Key messages from the discussion

  • Everything we invest in has impact: good or bad, sustainable or not. A fiduciary’s understanding of how to achieve the best outcomes for their members has had to shift. Ensuring financial returns now includes consideration of all sorts of new factors – new risks, in the form of urgent crises like climate change and the coronavirus, and new opportunities as well. And the importance of these factors is only going to grow. It is also a fiduciary’s duty to consider what their members expect from them as custodians of their savings and their mindset may be different if they knew whether or not their members appreciated where their money is being invested. 
  • Ground investment decisions in principles and focus on the long-term. It is easy to get hung-up on established measures of risk, return, growth etc. but these are all measures of the past; they can’t predict the future and many, like GDP, are increasingly considered no longer fit for purpose. Long-term objectives can accommodate short-term changes and better manage risks. The coronavirus pandemic has tested this and we will see whether those who ‘sat on their hands’ and treated it as a cycle will suffer less extreme negative impacts on their portfolios than those with short-term strategies. Another way of looking at the issues is being outcomes- and impact-focused, with the intention to get things mostly right rather than precisely wrong! 
  • Fiduciaries can use their voice to influence both the performance of their investments and the wider policy environment. The current government is willing to make policy changes but this has not happened without pressure. It is a collective responsibility to bring about change. Similarly, fiduciaries also have a role in using their voice, through their share of investee companies, to improve the behaviour and sustainability of those companies. Although stewardship and advocacy may seem easier for bigger schemes, smaller schemes also have the power to make a difference – they can set expectations with their investment consultants, fiduciary managers and asset managers and work collectively with other shareholders. 

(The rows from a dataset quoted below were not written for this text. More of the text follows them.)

(* Let $\epsilon>0$ be any constant. Consider the family of all cost functions $C:2^N\to\mathbb{R}_{\ge0}$ on $N=\{1,\dots,n\}$ with $C(\emptyset)=0$ and $\max_S C(S)$ bounded by a polynomial in $n$. Over the Shapley distribution $\mathcal{D}^{sh}$, the Shapley value of this family is $(1-\epsilon)$-approximable from samples.
   Context: The Shapley value of $C$ is $\phi_i=\mathbb{E}_{\sigma}[C(S_{\sigma<i}\cup\{i\})-C(S_{\sigma<i})]$, where $\sigma$ is a uniformly random permutation of $N$ and $S_{\sigma<i}$ is the set of players preceding $i$ in $\sigma$. The Shapley distribution $\mathcal{D}^{sh}$ over $2^N$ first picks a size $j\in\{0,\dots,n\}$ uniformly at random and then a uniformly random subset of size $j$. An algorithm $\alpha$-approximates ($\alpha\in(0,1]$) the Shapley value of a family $\mathcal{C}$ over distribution $\mathcal{D}$ if for all $C\in\mathcal{C}$ and all $\delta>0$, given $\mathrm{poly}(n,1/\delta,1/(1-\alpha))$ i.i.d. samples $(S,C(S))$ with $S\sim\mathcal{D}$, it computes estimates $\tilde\phi\in\mathbb{R}^n$ such that, with probability at least $1-\delta$ over the samples and its choices, for all $i\in N$: if $\phi_i\ge 1/\mathrm{poly}(n)$ then $\alpha\phi_i\le\tilde\phi_i\le\phi_i/\alpha$; if $\phi_i\le-1/\mathrm{poly}(n)$ then $\phi_i/\alpha\le\tilde\phi_i\le\alpha\phi_i$; if $|\phi_i|<1/\mathrm{poly}(n)$ then $|\phi_i-\tilde\phi_i|=o(1)$. The family has Shapley value $\alpha$-approximable from samples over $\mathcal{D}$ if such an algorithm exists. *)

theory Defs
  imports "HOL-Probability.Probability" "HOL-Combinatorics.Multiset_Permutations"
begin

text \<open>Players: N = {1..n}. Cost functions are modelled as maps nat set \<Rightarrow> real;
only their values on subsets of N are relevant.\<close>

definition players :: "nat \<Rightarrow> nat set" where
  "players n = {1..n}"

definition preceding :: "nat list \<Rightarrow> nat \<Rightarrow> nat set" where
  "preceding xs i = set (takeWhile (\<lambda>x. x \<noteq> i) xs)"

definition shapley :: "nat \<Rightarrow> (nat set \<Rightarrow> real) \<Rightarrow> nat \<Rightarrow> real" where
  "shapley n C i =
     measure_pmf.expectation (pmf_of_set (permutations_of_set (players n)))
       (\<lambda>xs. C (preceding xs i \<union> {i}) - C (preceding xs i))"

definition shapley_dist :: "nat \<Rightarrow> nat set pmf" where
  "shapley_dist n =
     bind_pmf (pmf_of_set {0..n})
       (\<lambda>j. pmf_of_set {S. S \<subseteq> players n \<and> card S = j})"

definition bounded_costs :: "real \<Rightarrow> nat \<Rightarrow> nat \<Rightarrow> (nat set \<Rightarrow> real) set" where
  "bounded_costs c k n =
     {C. C {} = 0 \<and> (\<forall>S. S \<subseteq> players n \<longrightarrow> 0 \<le> C S \<and> C S \<le> c * real n ^ k)}"

definition samples :: "nat set pmf \<Rightarrow> nat \<Rightarrow> (nat set \<Rightarrow> real) \<Rightarrow> (nat \<Rightarrow> nat set \<times> real) pmf" where
  "samples D m C =
     map_pmf (\<lambda>f t. if t < m then (f t, C (f t)) else ({}, 0)) (Pi_pmf {..<m} {} (\<lambda>_. D))"

definition good_estimate :: "real \<Rightarrow> real \<Rightarrow> real \<Rightarrow> real \<Rightarrow> real \<Rightarrow> bool" where
  "good_estimate \<alpha> t e phi phi' \<longleftrightarrow>
     (phi \<ge> t \<longrightarrow> \<alpha> * phi \<le> phi' \<and> phi' \<le> phi / \<alpha>) \<and>
     (phi \<le> - t \<longrightarrow> phi / \<alpha> \<le> phi' \<and> phi' \<le> \<alpha> * phi) \<and>
     (\<bar>phi\<bar> < t \<longrightarrow> \<bar>phi - phi'\<bar> \<le> e)"

text \<open>An algorithm gets n, delta and m(n,delta) samples, and outputs (randomly)
  an estimate vector. m is polynomial in n and 1/delta (alpha being fixed,
  the dependence on 1/(1-alpha) is absorbed into the constants), the
  threshold is 1/(a*n^b) and the additive error e(n) tends to 0.\<close>
definition shapley_approx_from_samples ::
  "real \<Rightarrow> (nat \<Rightarrow> (nat set \<Rightarrow> real) set) \<Rightarrow> (nat \<Rightarrow> nat set pmf) \<Rightarrow> bool" where
  "shapley_approx_from_samples \<alpha> Fam D \<longleftrightarrow>
    (\<exists>(m :: nat \<Rightarrow> real \<Rightarrow> nat)
       (A :: nat \<Rightarrow> real \<Rightarrow> (nat \<Rightarrow> nat set \<times> real) \<Rightarrow> (nat \<Rightarrow> real) pmf)
       (cm :: real) (km :: nat) (a :: real) (b :: nat) (e :: nat \<Rightarrow> real).
       (\<forall>n \<delta>. \<delta> > 0 \<longrightarrow> real (m n \<delta>) \<le> cm * (real n + 1 / \<delta>) ^ km) \<and>
       a > 0 \<and> e \<longlonglongrightarrow> 0 \<and>
       (\<forall>n \<ge> 1. \<forall>C \<in> Fam n. \<forall>\<delta> > 0.
          measure_pmf.prob
            (bind_pmf (samples (D n) (m n \<delta>) C) (A n \<delta>))
            {est. \<forall>i \<in> players n.
                    good_estimate \<alpha> (1 / (a * real n ^ b)) (e n) (shapley n C i) (est i)}
          \<ge> 1 - \<delta>))"

end

theory Submission
  imports Defs
begin

text \<open>The Shapley value is an expectation under the Shapley distribution. A set \<open>T\<close>
  has probability \<open>1 / ((n + 1) * (n choose card T))\<close>, so weighting \<open>C T\<close> by
  \<open>(n + 1) / card T\<close> if \<open>i \<in> T\<close> and by \<open>- (n + 1) / (n - card T)\<close> otherwise turns this
  probability into the Shapley coefficient of \<open>T - {i}\<close>, with the sign it carries in the
  marginal contribution; a single sample thus gives an unbiased estimate of \<open>\<phi>\<^sub>i\<close>. The weights
  are bounded by \<open>n + 1\<close>, so Hoeffding's inequality and a union bound over the players show
  that polynomially many samples bring every empirical mean within \<open>\<epsilon> / n\<close> of \<open>\<phi>\<^sub>i\<close> with
  probability \<open>1 - \<delta>\<close>. An additive error \<open>\<epsilon> / n\<close> is a relative error \<open>\<epsilon>\<close> for
  \<open>\<bar>\<phi>\<^sub>i\<bar> \<ge> 1 / n\<close>, and it tends to \<open>0\<close>.\<close>

lemma preceding_append_Cons:
  assumes "i \<notin> set ys"
  shows "preceding (ys @ i # zs) i = set ys"
  unfolding preceding_def using assms by (subst takeWhile_append2) auto

lemma preceding_fiber_bij:
  assumes "finite N" "i \<in> N" "S \<subseteq> N - {i}"
  shows "bij_betw (\<lambda>(ys, zs). ys @ i # zs)
     (permutations_of_set S \<times> permutations_of_set (N - {i} - S))
     {xs \<in> permutations_of_set N. preceding xs i = S}"
proof (rule bij_betw_imageI)
  show "inj_on (\<lambda>(ys, zs). ys @ i # zs) (permutations_of_set S \<times> permutations_of_set (N - {i} - S))"
  proof (rule inj_onI, clarify)
    fix ys zs ys' zs'
    assume "ys \<in> permutations_of_set S" "zs \<in> permutations_of_set (N - {i} - S)"
      and eq: "ys @ i # zs = ys' @ i # zs'"
    then have "i \<notin> set ys" "i \<notin> set zs" using assms by (auto simp: permutations_of_set_def)
    then show "ys = ys' \<and> zs = zs'" using eq append_Cons_eq_iff by metis
  qed
  show "(\<lambda>(ys, zs). ys @ i # zs) ` (permutations_of_set S \<times> permutations_of_set (N - {i} - S)) =
     {xs \<in> permutations_of_set N. preceding xs i = S}"
  proof (intro equalityI subsetI)
    fix xs assume "xs \<in> (\<lambda>(ys, zs). ys @ i # zs) `
        (permutations_of_set S \<times> permutations_of_set (N - {i} - S))"
    then obtain ys zs where xs: "xs = ys @ i # zs" and "ys \<in> permutations_of_set S"
      and "zs \<in> permutations_of_set (N - {i} - S)" by auto
    then show "xs \<in> {xs \<in> permutations_of_set N. preceding xs i = S}"
      using assms by (auto simp: permutations_of_set_def preceding_append_Cons)
  next
    fix xs assume "xs \<in> {xs \<in> permutations_of_set N. preceding xs i = S}"
    then have xs: "distinct xs" "set xs = N" "preceding xs i = S"
      by (auto simp: permutations_of_set_def)
    then obtain ys zs where split: "xs = ys @ i # zs" "i \<notin> set ys"
      using \<open>i \<in> N\<close> split_list_first by metis
    then have "set ys = S" using xs(3) by (simp add: preceding_append_Cons)
    then have "(ys, zs) \<in> permutations_of_set S \<times> permutations_of_set (N - {i} - S)"
      using xs split by (auto simp: permutations_of_set_def)
    then show "xs \<in> (\<lambda>(ys, zs). ys @ i # zs) `
        (permutations_of_set S \<times> permutations_of_set (N - {i} - S))"
      using split by force
  qed
qed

  • There are steps that fiduciaries and the industry can take now. We need to find a common language to avoid the risk of polarisation of opinions and encourage action. The Impact Investing Institute has published Four Good Governance Principles for Pensions to help establish a common understanding and suggest actions that can be taken forward now.  And as mentioned by Denise Le Gal, the three important things for pension trustees to do are: be Agile, be Adaptable, and remain Authentic!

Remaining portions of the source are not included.